Work instructions
The records follow. Give them all back exactly.

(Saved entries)
= = = = = = =
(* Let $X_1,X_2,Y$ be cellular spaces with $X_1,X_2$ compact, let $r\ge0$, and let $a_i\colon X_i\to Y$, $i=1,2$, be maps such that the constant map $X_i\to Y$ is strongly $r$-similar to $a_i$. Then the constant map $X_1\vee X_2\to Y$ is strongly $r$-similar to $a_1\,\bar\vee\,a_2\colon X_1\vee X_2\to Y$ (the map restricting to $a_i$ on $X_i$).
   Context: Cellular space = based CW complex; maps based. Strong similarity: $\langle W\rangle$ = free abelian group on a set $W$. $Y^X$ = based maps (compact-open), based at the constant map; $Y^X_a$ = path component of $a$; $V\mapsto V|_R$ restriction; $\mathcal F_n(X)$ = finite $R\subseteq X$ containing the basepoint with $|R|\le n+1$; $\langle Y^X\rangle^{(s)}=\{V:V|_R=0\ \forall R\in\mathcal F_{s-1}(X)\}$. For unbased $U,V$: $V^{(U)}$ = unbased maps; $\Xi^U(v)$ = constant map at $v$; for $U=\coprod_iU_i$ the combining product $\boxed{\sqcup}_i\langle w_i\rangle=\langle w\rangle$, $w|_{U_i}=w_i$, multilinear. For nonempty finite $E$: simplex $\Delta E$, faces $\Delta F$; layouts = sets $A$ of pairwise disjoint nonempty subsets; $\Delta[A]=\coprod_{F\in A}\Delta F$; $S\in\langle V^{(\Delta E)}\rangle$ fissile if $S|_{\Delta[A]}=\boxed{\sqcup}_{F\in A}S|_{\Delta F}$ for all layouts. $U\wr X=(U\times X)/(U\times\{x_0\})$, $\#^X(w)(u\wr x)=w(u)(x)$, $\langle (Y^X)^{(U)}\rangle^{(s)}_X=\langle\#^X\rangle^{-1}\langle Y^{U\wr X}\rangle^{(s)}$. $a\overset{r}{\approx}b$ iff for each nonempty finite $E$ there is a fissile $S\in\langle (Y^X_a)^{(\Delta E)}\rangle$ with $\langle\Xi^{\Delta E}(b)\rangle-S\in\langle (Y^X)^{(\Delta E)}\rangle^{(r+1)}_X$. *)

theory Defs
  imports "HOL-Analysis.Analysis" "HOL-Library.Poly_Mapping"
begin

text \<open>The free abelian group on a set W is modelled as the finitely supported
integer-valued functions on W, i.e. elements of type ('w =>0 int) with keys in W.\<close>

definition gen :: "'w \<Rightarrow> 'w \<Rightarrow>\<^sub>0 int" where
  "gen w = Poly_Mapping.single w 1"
= = = = = = =
Response to this exercise
(* Let $X_1,X_2,Y$ be cellular spaces with $X_1,X_2$ compact, let $r\ge0$, and let $a_i\colon X_i\to Y$, $i=1,2$, be maps such that the constant map $X_i\to Y$ is strongly $r$-similar to $a_i$. Then the constant map $X_1\vee X_2\to Y$ is strongly $r$-similar to $a_1\,\bar\vee\,a_2\colon X_1\vee X_2\to Y$ (the map restricting to $a_i$ on $X_i$).
   Context: Cellular space = based CW complex; maps based. Strong similarity: $\langle W\rangle$ = free abelian group on a set $W$. $Y^X$ = based maps (compact-open), based at the constant map; $Y^X_a$ = path component of $a$; $V\mapsto V|_R$ restriction; $\mathcal F_n(X)$ = finite $R\subseteq X$ containing the basepoint with $|R|\le n+1$; $\langle Y^X\rangle^{(s)}=\{V:V|_R=0\ \forall R\in\mathcal F_{s-1}(X)\}$. For unbased $U,V$: $V^{(U)}$ = unbased maps; $\Xi^U(v)$ = constant map at $v$; for $U=\coprod_iU_i$ the combining product $\boxed{\sqcup}_i\langle w_i\rangle=\langle w\rangle$, $w|_{U_i}=w_i$, multilinear. For nonempty finite $E$: simplex $\Delta E$, faces $\Delta F$; layouts = sets $A$ of pairwise disjoint nonempty subsets; $\Delta[A]=\coprod_{F\in A}\Delta F$; $S\in\langle V^{(\Delta E)}\rangle$ fissile if $S|_{\Delta[A]}=\boxed{\sqcup}_{F\in A}S|_{\Delta F}$ for all layouts. $U\wr X=(U\times X)/(U\times\{x_0\})$, $\#^X(w)(u\wr x)=w(u)(x)$, $\langle (Y^X)^{(U)}\rangle^{(s)}_X=\langle\#^X\rangle^{-1}\langle Y^{U\wr X}\rangle^{(s)}$. $a\overset{r}{\approx}b$ iff for each nonempty finite $E$ there is a fissile $S\in\langle (Y^X_a)^{(\Delta E)}\rangle$ with $\langle\Xi^{\Delta E}(b)\rangle-S\in\langle (Y^X)^{(\Delta E)}\rangle^{(r+1)}_X$. *)

theory Defs
  imports "HOL-Analysis.Analysis" "HOL-Library.Poly_Mapping"
begin

text \<open>The free abelian group on a set W is modelled as the finitely supported
integer-valued functions on W, i.e. elements of type ('w =>0 int) with keys in W.\<close>

definition gen :: "'w \<Rightarrow> 'w \<Rightarrow>\<^sub>0 int" where
  "gen w = Poly_Mapping.single w 1"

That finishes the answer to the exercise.